• **Data**:
******************************

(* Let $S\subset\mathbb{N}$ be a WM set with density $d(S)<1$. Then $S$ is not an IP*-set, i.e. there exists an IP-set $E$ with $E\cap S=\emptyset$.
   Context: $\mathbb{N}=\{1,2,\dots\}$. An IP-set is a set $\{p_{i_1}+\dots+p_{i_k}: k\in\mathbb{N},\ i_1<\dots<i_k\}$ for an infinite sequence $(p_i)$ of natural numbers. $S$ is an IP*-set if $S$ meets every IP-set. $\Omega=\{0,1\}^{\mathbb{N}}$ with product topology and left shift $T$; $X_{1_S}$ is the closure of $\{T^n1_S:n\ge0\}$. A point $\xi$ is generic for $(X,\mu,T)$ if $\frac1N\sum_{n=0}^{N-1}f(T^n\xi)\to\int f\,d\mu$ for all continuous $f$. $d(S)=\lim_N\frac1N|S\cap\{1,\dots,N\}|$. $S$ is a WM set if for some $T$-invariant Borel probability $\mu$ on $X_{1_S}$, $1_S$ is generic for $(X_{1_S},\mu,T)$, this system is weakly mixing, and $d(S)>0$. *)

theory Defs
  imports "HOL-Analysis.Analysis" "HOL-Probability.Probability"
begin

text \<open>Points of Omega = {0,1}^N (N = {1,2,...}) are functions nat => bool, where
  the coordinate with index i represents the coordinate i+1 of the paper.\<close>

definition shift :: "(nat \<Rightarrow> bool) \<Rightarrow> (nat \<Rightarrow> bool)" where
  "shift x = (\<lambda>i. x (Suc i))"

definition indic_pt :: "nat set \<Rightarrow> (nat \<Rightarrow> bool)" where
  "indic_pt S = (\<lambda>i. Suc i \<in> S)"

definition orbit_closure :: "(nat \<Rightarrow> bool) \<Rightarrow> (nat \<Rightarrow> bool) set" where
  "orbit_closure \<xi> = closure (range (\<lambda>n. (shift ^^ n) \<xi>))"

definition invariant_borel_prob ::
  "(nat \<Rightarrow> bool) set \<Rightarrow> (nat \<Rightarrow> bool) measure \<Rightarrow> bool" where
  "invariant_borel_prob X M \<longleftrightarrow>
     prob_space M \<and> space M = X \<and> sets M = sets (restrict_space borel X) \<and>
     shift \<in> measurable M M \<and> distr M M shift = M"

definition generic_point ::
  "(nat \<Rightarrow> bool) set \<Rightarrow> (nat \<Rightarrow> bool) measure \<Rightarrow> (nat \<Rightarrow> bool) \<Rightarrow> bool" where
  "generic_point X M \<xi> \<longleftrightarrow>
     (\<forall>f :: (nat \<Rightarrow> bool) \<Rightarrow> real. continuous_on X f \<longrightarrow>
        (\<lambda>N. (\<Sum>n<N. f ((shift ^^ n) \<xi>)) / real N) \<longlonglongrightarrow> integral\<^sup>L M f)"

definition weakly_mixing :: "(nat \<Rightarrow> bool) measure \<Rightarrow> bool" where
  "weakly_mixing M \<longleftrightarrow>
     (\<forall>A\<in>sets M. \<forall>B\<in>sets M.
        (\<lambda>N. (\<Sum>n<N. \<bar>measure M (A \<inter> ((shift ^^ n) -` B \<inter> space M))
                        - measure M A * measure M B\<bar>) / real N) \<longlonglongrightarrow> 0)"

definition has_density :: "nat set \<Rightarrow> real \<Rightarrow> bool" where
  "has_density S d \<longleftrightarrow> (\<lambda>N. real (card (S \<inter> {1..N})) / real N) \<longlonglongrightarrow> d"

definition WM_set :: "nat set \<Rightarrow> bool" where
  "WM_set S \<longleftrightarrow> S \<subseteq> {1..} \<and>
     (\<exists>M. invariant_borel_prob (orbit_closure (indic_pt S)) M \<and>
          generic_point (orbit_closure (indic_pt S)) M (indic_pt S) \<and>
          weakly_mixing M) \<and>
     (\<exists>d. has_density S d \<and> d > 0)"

******************************

• **Your assignment**: Out of the data above, give again only the lines starting at the one holding "shift \<in> measurable" and ending at the one holding "measure \<Rightarrow> (nat", unchanged.

• **Answer below**:
     shift \<in> measurable M M \<and> distr M M shift = M"

definition generic_point ::
  "(nat \<Rightarrow> bool) set \<Rightarrow> (nat \<Rightarrow> bool) measure \<Rightarrow> (nat \<Rightarrow> bool) \<Rightarrow> bool" where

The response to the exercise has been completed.